→ WORK INSTRUCTIONS
Restate word for word the lines of the records below, starting at the line that contains "assms(7) by simp" and ending at the line that contains "(\<chi> i. (of_int", with both of those lines included and nothing else.

[Collected data entries]
lemma card_contract_edge_inside:
  assumes "simple_graph V E" "{u, v} \<in> E" "u \<noteq> v" "u \<in> A" "v \<notin> A" "neighbours E v \<subseteq> A"
  shows "card {e \<in> snd (contract_edge u v (V, E)). e \<subseteq> A}
    = card {e\<in>E. e \<subseteq> A} + card (neighbours E v - insert u (neighbours E u))"
proof -
  let ?new = "neighbours E v - insert u (neighbours E u)"
  have "{e \<in> snd (contract_edge u v (V, E)). e \<subseteq> A} = {e\<in>E. e \<subseteq> A} \<union> (\<lambda>w. {u, w}) ` ?new"
    using assms(4-6) unfolding contract_edge_edges[OF assms(1-3)] by auto
  also have "card \<dots> = card {e\<in>E. e \<subseteq> A} + card ((\<lambda>w. {u, w}) ` ?new)"
    by (rule card_Un_disjoint)
      (use simple_graph_finite_edges[OF assms(1)] finite_neighbours[OF assms(1)]
        in \<open>auto simp: neighbours_def\<close>)
  finally show ?thesis by (simp add: card_image[OF inj_on_doubleton])
qed

lemma weighted_card_edges_le_contract_edge:
  fixes K :: nat
  assumes "simple_graph V E" "{u, v} \<in> E" "u \<noteq> v" "u \<in> A" "v \<notin> A" "neighbours E v \<subseteq> A"
    and "card (neighbours E u \<inter> neighbours E v) + 1 < card (neighbours E v)"
    and "card (neighbours E u \<inter> neighbours E v) < K"
  shows "card E + K * card {e\<in>E. e \<subseteq> A}
    \<le> card (snd (contract_edge u v (V, E))) + K * card {e \<in> snd (contract_edge u v (V, E)). e \<subseteq> A}"
proof -
  let ?s = "card (neighbours E v - insert u (neighbours E u))"
  have "u \<in> neighbours E v" using assms(2) by (simp add: neighbours_def insert_commute)
  then have "1 \<le> ?s" using card_neighbours_split[OF assms(1)] assms(7) by simp
  then have "K \<le> K * ?s" by simp
  moreover have "K * card {e \<in> snd (contract_edge u v (V, E)). e \<subseteq> A}
      = K * card {e\<in>E. e \<subseteq> A} + K * ?s"
    unfolding card_contract_edge_inside[OF assms(1-6)] by (rule add_mult_distrib2)
  ultimately show ?thesis using card_contract_edge[OF assms(1-3)] assms(8) by linarith
qed
lemma funpow_cycle:
  assumes "0 < N" "\<forall>j<N. g (x j) = x (Suc j mod N)"
  shows "(g ^^ k) (x 0) = x (k mod N)"
proof (induction k)
  case (Suc k)
  then show ?case using assms by (simp add: mod_Suc_eq)
qed simp

lemma dense_in_Qn_floor:
  fixes D :: "(rat^'n) set"
  assumes "dense_in_Qn D"
  shows "\<exists>d\<in>D. \<forall>i. \<lfloor>d $ i\<rfloor> = c i"
proof -
  have "\<forall>i. (\<chi> i. (of_int (c i) :: rat)) $ i < (\<chi> i. of_int (c i) + 1) $ i" by simp
  then obtain d where "d \<in> D" "\<forall>i. of_int (c i) < d $ i \<and> d $ i < of_int (c i) + 1"
    using assms unfolding dense_in_Qn_def by fastforce
  then show ?thesis by (metis floor_unique less_le)
qed

lemma twisted_cycle_extends_to_Aut_D:
  fixes D :: "(rat^'n) set"
  assumes dense: "dense_in_Qn D" and ncc: "no_common_coord D" and "bij \<sigma>"
    and xD: "\<And>j. j < N \<Longrightarrow> x j \<in> D"
    and tw: "\<And>j l. j < N \<Longrightarrow> l < N \<Longrightarrow> j \<noteq> l \<Longrightarrow>
               twisted \<sigma> (x j, x (Suc j mod N)) (x l, x (Suc l mod N))"
  shows "\<exists>g\<in>Aut_D D. \<forall>j<N. g (x j) = x (Suc j mod N)"
proof -
  define P0 where "P0 = (\<lambda>j. (x j, x (Suc j mod N))) ` {..<N}"
  have "pairwise (twisted \<sigma>) P0"
  proof (rule pairwiseI)
    fix p q assume "p \<in> P0" "q \<in> P0" "p \<noteq> q"
    then obtain j l where "j < N" "l < N" "p = (x j, x (Suc j mod N))" "q = (x l, x (Suc l mod N))"
      by (auto simp: P0_def)
    moreover from this have "j \<noteq> l" using \<open>p \<noteq> q\<close> by blast
    ultimately show "twisted \<sigma> p q" by (simp add: tw)
  qed
  moreover have "P0 \<subseteq> D \<times> D" using xD by (auto simp: P0_def)
  moreover have "finite P0" by (simp add: P0_def)
  ultimately obtain g where "g \<in> Aut_D D" and "\<forall>(a, b)\<in>P0. g a = b"
    using twisted_extends_to_Aut_D[OF dense ncc \<open>bij \<sigma>\<close>] by blast
  then show ?thesis by (auto simp: P0_def)
qed

lemma Aut_D_cycle:
  fixes D :: "(rat^'n) set"
  assumes "CARD('n) \<ge> 2" and dense: "dense_in_Qn D" and ncc: "no_common_coord D"
  shows "\<exists>g\<in>Aut_D D. \<exists>x. (\<forall>j<CARD('n). x j \<in> D \<and> g (x j) = x (Suc j mod CARD('n))) \<and> x 0 \<noteq> x 1"
proof -
  define N where "N = CARD('n)"
  obtain \<sigma> :: "'n \<Rightarrow> 'n" and idx where "bij \<sigma>" and idx: "bij_betw idx UNIV {..<N}"
    and idx_\<sigma>: "\<And>i. idx (\<sigma> i) = Suc (idx i) mod N"
    using cyclic_permutation unfolding N_def by blast
  \<comment> \<open>x j is chosen with integer part c j i in coordinate i; shifting j by one and i by \<sigma>
    leaves c unchanged, so the cycle x 0 \<mapsto> x 1 \<mapsto> \<dots> \<mapsto> x (N - 1) \<mapsto> x 0 is twisted.\<close>
  define c where "c j i = (int j - int (idx i)) mod int N" for j i
  have c_shift: "c (Suc j mod N) (\<sigma> i) = c j i" for j i
  proof -
    have "c (Suc j mod N) (\<sigma> i) = (int (Suc j) mod int N - int (Suc (idx i)) mod int N) mod int N"
      unfolding c_def idx_\<sigma> by (simp add: of_nat_mod)
    also have "\<dots> = c j i" unfolding c_def by (simp add: mod_diff_eq)
    finally show ?thesis .
  qed
  have c_inj: "j = l" if "j < N" "l < N" "c j i = c l i" for j l i
  proof -
    have "(int j - int (idx i) + int (idx i)) mod int N = (int l - int (idx i) + int (idx i)) mod int N"
      using that(3) unfolding c_def by (rule mod_add_cong) (rule refl)
    then show ?thesis using that(1,2) by (simp add: zmod_int[symmetric])
  qed
  obtain x where xD: "\<And>j. x j \<in> D" and x_floor: "\<And>j i. \<lfloor>x j $ i\<rfloor> = c j i"
    using dense_in_Qn_floor[OF dense, of "c _"] by metis
  have x_less: "x j $ i < x l $ i \<longleftrightarrow> c j i < c l i" if "j < N" "l < N" "j \<noteq> l" for j l i
    using floor_less_iff_if_floor_neq[of "x j $ i" "x l $ i"] c_inj[of j l i] that
    by (simp add: x_floor) blast
  have "twisted \<sigma> (x j, x (Suc j mod N)) (x l, x (Suc l mod N))"
    if "j < N" "l < N" "j \<noteq> l" for j l
  proof -
    have "Suc j mod N \<noteq> Suc l mod N" using Suc_mod_inj that by blast
    moreover have "Suc j mod N < N" "Suc l mod N < N" using that by simp_all
    ultimately show ?thesis
      using that by (simp add: twisted_def x_less c_shift)
  qed
  then obtain g where "g \<in> Aut_D D" and g: "\<forall>j<N. g (x j) = x (Suc j mod N)"
    using twisted_cycle_extends_to_Aut_D[OF dense ncc \<open>bij \<sigma>\<close>, of N x] xD by blast
  obtain i :: 'n where True by blast
  have "c 0 i \<noteq> c 1 i" using c_inj[of 0 1 i] assms(1) by (auto simp: N_def)
  then have "x 0 \<noteq> x 1" using x_floor[of 0 i] x_floor[of 1 i] by auto
  with \<open>g \<in> Aut_D D\<close> g xD show ?thesis unfolding N_def by blast
qed
(* None of the groups $(\wr\mathbf{Z})^{\infty}$, $(\mathbf{Z}\wr)^{\infty}$, $(\wr\mathbf{Z}\wr)^{\infty}$ embeds in $W=\bigoplus_{i\in\mathbf{N}}W_i$.
   Context: Restricted wreath product: $A\wr\mathbf{Z}=(\bigoplus_{i\in\mathbf{Z}}A)\rtimes\mathbf{Z}$. $W_0=1$, $W_i=W_{i-1}\wr\mathbf{Z}$; $(\mathbf{Z}\wr)^{\infty}$ is the ascending union of the $W_i$ with $W_i$ embedded in $W_{i+1}$ as the index-$0$ base summand. For permutation groups $(K,X)$, $(L,Y)$, the permutation wreath product $K\wr L\le\mathrm{Sym}(X\times Y)$ is generated by $(x,y)\mapsto(x\kappa,y)$, $(x,y')\mapsto(x,y')$ for $y'\neq y$ ($\kappa\in K$, $y\in Y$) and $(x,y)\mapsto(x,y\lambda)$ ($\lambda\in L$); it is associative. $P_1=\mathbf{Z}$ on $\mathbf{Z}$ by translation, $P_{k+1}=\mathbf{Z}\wr P_k$ with $P_k$ the top group; $(\wr\mathbf{Z})^{\infty}$ is the ascending union of the $P_k$ (a permutation group). $(\wr\mathbf{Z}\wr)^{\infty}$ is the permutation wreath product $(\wr\mathbf{Z})^{\infty}\wr(\mathbf{Z}\wr)^{\infty}$, where $(\mathbf{Z}\wr)^{\infty}$ acts on itself by right multiplication. Equivalently (up to isomorphism): with $\alpha,\beta_0\in PL_o(I)$ given by $x\alpha=x/4$ on $[0,\frac14)$, $x-\frac3{16}$ on $[\frac14,\frac7{16})$, $4x-\frac32$ on $[\frac7{16},\frac9{16})$, $x+\frac3{16}$ on $[\frac9{16},\frac34)$, $\frac14x+\frac34$ on $[\frac34,1]$, and $x\beta_0=x$ on $[0,\frac7{16})$, $2x-\frac7{16}$ on $[\frac7{16},\frac{15}{32})$, $x+\frac1{32}$ on $[\frac{15}{32},\frac12)$, $\frac12x+\frac9{32}$ on $[\frac12,\frac9{16})$, $x$ on $[\frac9{16},1]$, and $\beta_k=\alpha^{-k}\beta_0\alpha^k$, the three groups are generated by $\{\beta_i:i<0\}$, $\{\beta_i:i\ge0\}$, $\{\beta_i:i\in\mathbf{Z}\}$ respectively. *)

theory Defs
  imports "HOL-Algebra.Algebra"
begin
(* Let $\phi^n,\phi^{n-1}\in\mathcal{C}_{\rm per}$ satisfy $0<\phi^n_{i,j},\phi^{n-1}_{i,j}<1/\rho$ for all $i,j$, and $\overline{\phi^n}=\overline{\phi^{n-1}}$. Let $\Delta t>0$ and $A>0$. Then there exists a unique $\phi^{n+1}\in\mathcal{C}_{\rm per}$ (together with $\mu^{n+1}\in\mathcal{C}_{\rm per}$) solving $$\frac{3\phi^{n+1}-4\phi^n+\phi^{n-1}}{2\Delta t}=\Delta_h\mu^{n+1},$$ $$\mu^{n+1}=S'(\phi^{n+1})+\kappa'(\phi^{n+1})\big(a_x((D_x\phi^{n+1})^2)+a_y((D_y\phi^{n+1})^2)\big)-2d_x\big(A_x\kappa(\phi^{n+1})D_x\phi^{n+1}\big)-2d_y\big(A_y\kappa(\phi^{n+1})D_y\phi^{n+1}\big)+H'(2\phi^n-\phi^{n-1})-A\Delta t\,\Delta_h(\phi^{n+1}-\phi^n),$$ and it satisfies $\overline{\phi^{n+1}}=\overline{\phi^n}$ and $0<\phi^{n+1}_{i,j}<1/\rho$ for all $i,j$.
   Context: Parameters: $N_1,N_2,\chi>0$, $\tau=\sqrt{\pi N_2}N_1$, $\rho=1+N_2/\tau$. $S'(\phi)=(\frac1\tau+\frac1{N_1})\ln\phi-\rho\ln(1-\rho\phi)$, $H'(\phi)=-2\chi\rho\phi$, $\kappa(\phi)=\frac{1}{36\phi(1-\phi)}$, $\kappa'(\phi)=\frac{2\phi-1}{36\phi^2(1-\phi)^2}$, all applied pointwise. Grid: $\Omega=(0,L)^2$, $h=L/N$; $\mathcal{C}_{\rm per}$ = $N$-periodic grid functions $\nu_{i,j}$ at cell centers. Edge operators: $D_x\nu_{i+1/2,j}=(\nu_{i+1,j}-\nu_{i,j})/h$, $A_x\nu_{i+1/2,j}=(\nu_{i+1,j}+\nu_{i,j})/2$; for edge functions $f$: $a_xf_{i,j}=(f_{i+1/2,j}+f_{i-1/2,j})/2$, $d_xf_{i,j}=(f_{i+1/2,j}-f_{i-1/2,j})/h$; analogously in $y$. $\Delta_h\nu=d_x(D_x\nu)+d_y(D_y\nu)$ (five-point Laplacian). $\overline{\nu}=\frac{h^2}{|\Omega|}\sum_{i,j=1}^N\nu_{i,j}$. *)

theory Defs
  imports Complex_Main
begin

text \<open>Grid functions are functions on integer index pairs (i,j); cell centres are
  indexed by (i,j), and an x-edge function value f i j stands for the value at the
  edge (i+1/2, j) (analogously for y-edges at (i, j+1/2)).\<close>

type_synonym gridfun = "int \<Rightarrow> int \<Rightarrow> real"
(* Every local derivation of the super Virasoro algebra $\mathrm{SVir}[0]$ is a derivation.
   Context: The super Virasoro algebra $\mathrm{SVir}[0]$ is the Lie superalgebra over $\mathbb{C}$ with basis $\{L_m, G_r, C : m\in\mathbb{Z}, r\in\mathbb{Z}\}$, even part spanned by the $L_m$ and $C$, odd part spanned by the $G_r$, and brackets $[L_m,L_n]=(m-n)L_{m+n}+\frac{1}{12}\delta_{m+n,0}(m^3-m)C$, $[L_m,G_r]=(\frac m2-r)G_{m+r}$, $[G_r,G_s]=2L_{r+s}+\frac13\delta_{r+s,0}(r^2-\frac14)C$, with $C$ central. A homogeneous linear map $D$ of parity $|D|\in\mathbb{Z}_2$ on a Lie superalgebra $L$ is a derivation if $D([x,y])=[D(x),y]+(-1)^{|D||x|}[x,D(y)]$ for all homogeneous $x,y$; $\mathrm{Der}(L)$ is the space of derivations (sums of even and odd derivations). A linear map $\Delta:L\to L$ is a local derivation if for every $x\in L$ there is a derivation $D_x\in\mathrm{Der}(L)$ with $\Delta(x)=D_x(x)$. *)

theory Defs
  imports Complex_Main
begin

text \<open>The super Virasoro algebra SVir[0] over the complex numbers, realised as the
  space of finitely supported coefficient functions on the basis
  L_m (m in Z), G_r (r in Z), C.\<close>

datatype sv_idx = Lb int | Gb int | Cb

fun sv_par :: "sv_idx \<Rightarrow> bool" where
  "sv_par (Gb r) = True"
| "sv_par (Lb m) = False"
| "sv_par Cb = False"

fun sv_bb :: "sv_idx \<Rightarrow> sv_idx \<Rightarrow> sv_idx \<Rightarrow> complex" where
  "sv_bb (Lb m) (Lb n) k =
     (if k = Lb (m + n) then of_int (m - n)
      else if k = Cb \<and> m + n = 0 then (of_int m ^ 3 - of_int m) / 12 else 0)"
| "sv_bb (Lb m) (Gb r) k =
     (if k = Gb (m + r) then of_int m / 2 - of_int r else 0)"
| "sv_bb (Gb r) (Lb m) k =
     (if k = Gb (m + r) then - (of_int m / 2 - of_int r) else 0)"
| "sv_bb (Gb r) (Gb s) k =
     (if k = Lb (r + s) then 2
      else if k = Cb \<and> r + s = 0 then (of_int r ^ 2 - 1 / 4) / 3 else 0)"
| "sv_bb Cb j k = 0"
| "sv_bb i Cb k = 0"

definition sv_carrier :: "(sv_idx \<Rightarrow> complex) set" where
  "sv_carrier = {f. finite {i. f i \<noteq> 0}}"

definition sv_br :: "(sv_idx \<Rightarrow> complex) \<Rightarrow> (sv_idx \<Rightarrow> complex) \<Rightarrow> sv_idx \<Rightarrow> complex" where
  "sv_br f g = (\<lambda>k. \<Sum>i\<in>{i. f i \<noteq> 0}. \<Sum>j\<in>{j. g j \<noteq> 0}. f i * g j * sv_bb i j k)"

definition sv_hom :: "bool \<Rightarrow> (sv_idx \<Rightarrow> complex) \<Rightarrow> bool" where
  "sv_hom p f \<longleftrightarrow> f \<in> sv_carrier \<and> (\<forall>i. f i \<noteq> 0 \<longrightarrow> sv_par i = p)"

definition sv_linear :: "((sv_idx \<Rightarrow> complex) \<Rightarrow> (sv_idx \<Rightarrow> complex)) \<Rightarrow> bool" where
  "sv_linear D \<longleftrightarrow>
     (\<forall>x\<in>sv_carrier. D x \<in> sv_carrier) \<and>
     (\<forall>x\<in>sv_carrier. \<forall>y\<in>sv_carrier. D (\<lambda>k. x k + y k) = (\<lambda>k. D x k + D y k)) \<and>
     (\<forall>c. \<forall>x\<in>sv_carrier. D (\<lambda>k. c * x k) = (\<lambda>k. c * D x k))"

definition sv_derivation :: "bool \<Rightarrow> ((sv_idx \<Rightarrow> complex) \<Rightarrow> (sv_idx \<Rightarrow> complex)) \<Rightarrow> bool" where
  "sv_derivation p D \<longleftrightarrow>
     sv_linear D \<and>
     (\<forall>q x. sv_hom q x \<longrightarrow> sv_hom (p \<noteq> q) (D x)) \<and>
     (\<forall>q r x y. sv_hom q x \<longrightarrow> sv_hom r y \<longrightarrow>
        D (sv_br x y) = (\<lambda>k. sv_br (D x) y k + (if p \<and> q then -1 else 1) * sv_br x (D y) k))"

definition sv_Der :: "((sv_idx \<Rightarrow> complex) \<Rightarrow> (sv_idx \<Rightarrow> complex)) \<Rightarrow> bool" where
  "sv_Der D \<longleftrightarrow> (\<exists>D0 D1. sv_derivation False D0 \<and> sv_derivation True D1 \<and>
      (\<forall>x\<in>sv_carrier. D x = (\<lambda>k. D0 x k + D1 x k)))"

definition sv_local_derivation :: "((sv_idx \<Rightarrow> complex) \<Rightarrow> (sv_idx \<Rightarrow> complex)) \<Rightarrow> bool" where
  "sv_local_derivation \<Delta> \<longleftrightarrow> sv_linear \<Delta> \<and>
      (\<forall>x\<in>sv_carrier. \<exists>D. sv_Der D \<and> \<Delta> x = D x)"

end

theory Submission
  imports Defs
begin

text \<open>
  Every derivation of SVir[0] is inner. Since \<open>ad L_0\<close> acts on vectors of weight n by \<open>-n\<close>, a
  derivation D agrees off the weight diagonal with \<open>ad b\<close>, where b is \<open>D L_0\<close> with its weight-n
  part divided by n; on the diagonal the super Leibniz rule on finitely many basis brackets
  leaves only \<open>ad (\<lambda> L_0 + \<mu> G_0)\<close>. Conversely every \<open>ad a\<close> is an even plus an odd derivation by
  the super Jacobi identity. So a local derivation \<open>\<Delta>\<close> is a linear map with \<open>\<Delta> x = [a_x, x]\<close>
  for every x, and a single a has to be found.

  Subtracting \<open>ad a_L_0\<close> we may assume \<open>\<Delta> L_0 = 0\<close>. Conjugating by the grading automorphisms
  \<open>e_i \<mapsto> t^wt(i) e_i\<close> and separating the powers of t (a Vandermonde argument), the weight-k part of
  \<open>\<Delta>\<close> is again of the form \<open>[a, -]\<close> on every sum of two basis vectors. For basis vectors of far
  apart weights, \<open>y_1 + y_2 = [a, e_f] + [a, e_F]\<close> becomes a two-term recurrence for the
  coefficients of a along an arithmetic progression, which finite support forces to vanish. This
  kills the weight-k parts for \<open>k \<noteq> 0\<close> and identifies the weight-0 part with \<open>ad (\<lambda> L_0 + \<mu> G_0)\<close>.
\<close>

section \<open>The bracket on finitely supported functions\<close>

fun sv_wt :: "sv_idx \<Rightarrow> int" where
  "sv_wt (Lb m) = m" | "sv_wt (Gb r) = r" | "sv_wt Cb = 0"

definition sv_basis :: "sv_idx \<Rightarrow> sv_idx \<Rightarrow> complex" where
  "sv_basis j = (\<lambda>k. if k = j then 1 else 0)"

definition sv_supp :: "(sv_idx \<Rightarrow> complex) \<Rightarrow> sv_idx set" where
  "sv_supp f = {i. f i \<noteq> 0}"

lemma sv_carrier_iff: "f \<in> sv_carrier \<longleftrightarrow> finite (sv_supp f)"
  by (simp add: sv_carrier_def sv_supp_def)

lemma sv_bb_wt: "sv_bb i j k \<noteq> 0 \<Longrightarrow> sv_wt k = sv_wt i + sv_wt j"
  by (cases i; cases j; cases k) (auto split: if_splits)

lemma sv_bb_par: "sv_bb i j k \<noteq> 0 \<Longrightarrow> sv_par k = (sv_par i \<noteq> sv_par j)"
  by (cases i; cases j; cases k) (auto split: if_splits)

lemma sv_bb_Cb_right[simp]: "sv_bb i Cb k = 0"
  by (cases i) auto

lemma sv_bb_supp: "{k. sv_bb i j k \<noteq> 0} \<subseteq> {Lb (sv_wt i + sv_wt j), Gb (sv_wt i + sv_wt j), Cb}"
proof
  fix k assume "k \<in> {k. sv_bb i j k \<noteq> 0}"
  then have "sv_wt k = sv_wt i + sv_wt j" using sv_bb_wt by auto
  then show "k \<in> {Lb (sv_wt i + sv_wt j), Gb (sv_wt i + sv_wt j), Cb}" by (cases k) auto
qed

lemma finite_sv_bb_supp: "finite {k. sv_bb i j k \<noteq> 0}"
  using sv_bb_supp finite_subset by blast

lemma sv_basis_carrier[simp]: "sv_basis j \<in> sv_carrier"
  by (simp add: sv_carrier_def sv_basis_def)

lemma sv_supp_basis: "sv_supp (sv_basis j) = {j}"
  by (auto simp: sv_supp_def sv_basis_def)

lemma sv_br_eq_sum:
  assumes "finite S" "finite T" "sv_supp f \<subseteq> S" "sv_supp g \<subseteq> T"
  shows "sv_br f g k = (\<Sum>i\<in>S. \<Sum>j\<in>T. f i * g j * sv_bb i j k)"
proof -
  have "sv_br f g k = (\<Sum>i\<in>sv_supp f. \<Sum>j\<in>sv_supp g. f i * g j * sv_bb i j k)"
    by (simp add: sv_br_def sv_supp_def)
  also have "\<dots> = (\<Sum>i\<in>sv_supp f. \<Sum>j\<in>T. f i * g j * sv_bb i j k)"
    by (rule sum.cong[OF refl], rule sum.mono_neutral_left) (use assms in \<open>auto simp: sv_supp_def\<close>)
  also have "\<dots> = (\<Sum>i\<in>S. \<Sum>j\<in>T. f i * g j * sv_bb i j k)"
    by (rule sum.mono_neutral_left) (use assms in \<open>auto simp: sv_supp_def\<close>)
  finally show ?thesis .
qed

→ ANSWER AREA
  then have "1 \<le> ?s" using card_neighbours_split[OF assms(1)] assms(7) by simp
  then have "K \<le> K * ?s" by simp
  moreover have "K * card {e \<in> snd (contract_edge u v (V, E)). e \<subseteq> A}
      = K * card {e\<in>E. e \<subseteq> A} + K * ?s"
    unfolding card_contract_edge_inside[OF assms(1-6)] by (rule add_mult_distrib2)
  ultimately show ?thesis using card_contract_edge[OF assms(1-3)] assms(8) by linarith
qed
lemma funpow_cycle:
  assumes "0 < N" "\<forall>j<N. g (x j) = x (Suc j mod N)"
  shows "(g ^^ k) (x 0) = x (k mod N)"
proof (induction k)
  case (Suc k)
  then show ?case using assms by (simp add: mod_Suc_eq)
qed simp

lemma dense_in_Qn_floor:
  fixes D :: "(rat^'n) set"
  assumes "dense_in_Qn D"
  shows "\<exists>d\<in>D. \<forall>i. \<lfloor>d $ i\<rfloor> = c i"
proof -
  have "\<forall>i. (\<chi> i. (of_int (c i) :: rat)) $ i < (\<chi> i. of_int (c i) + 1) $ i" by simp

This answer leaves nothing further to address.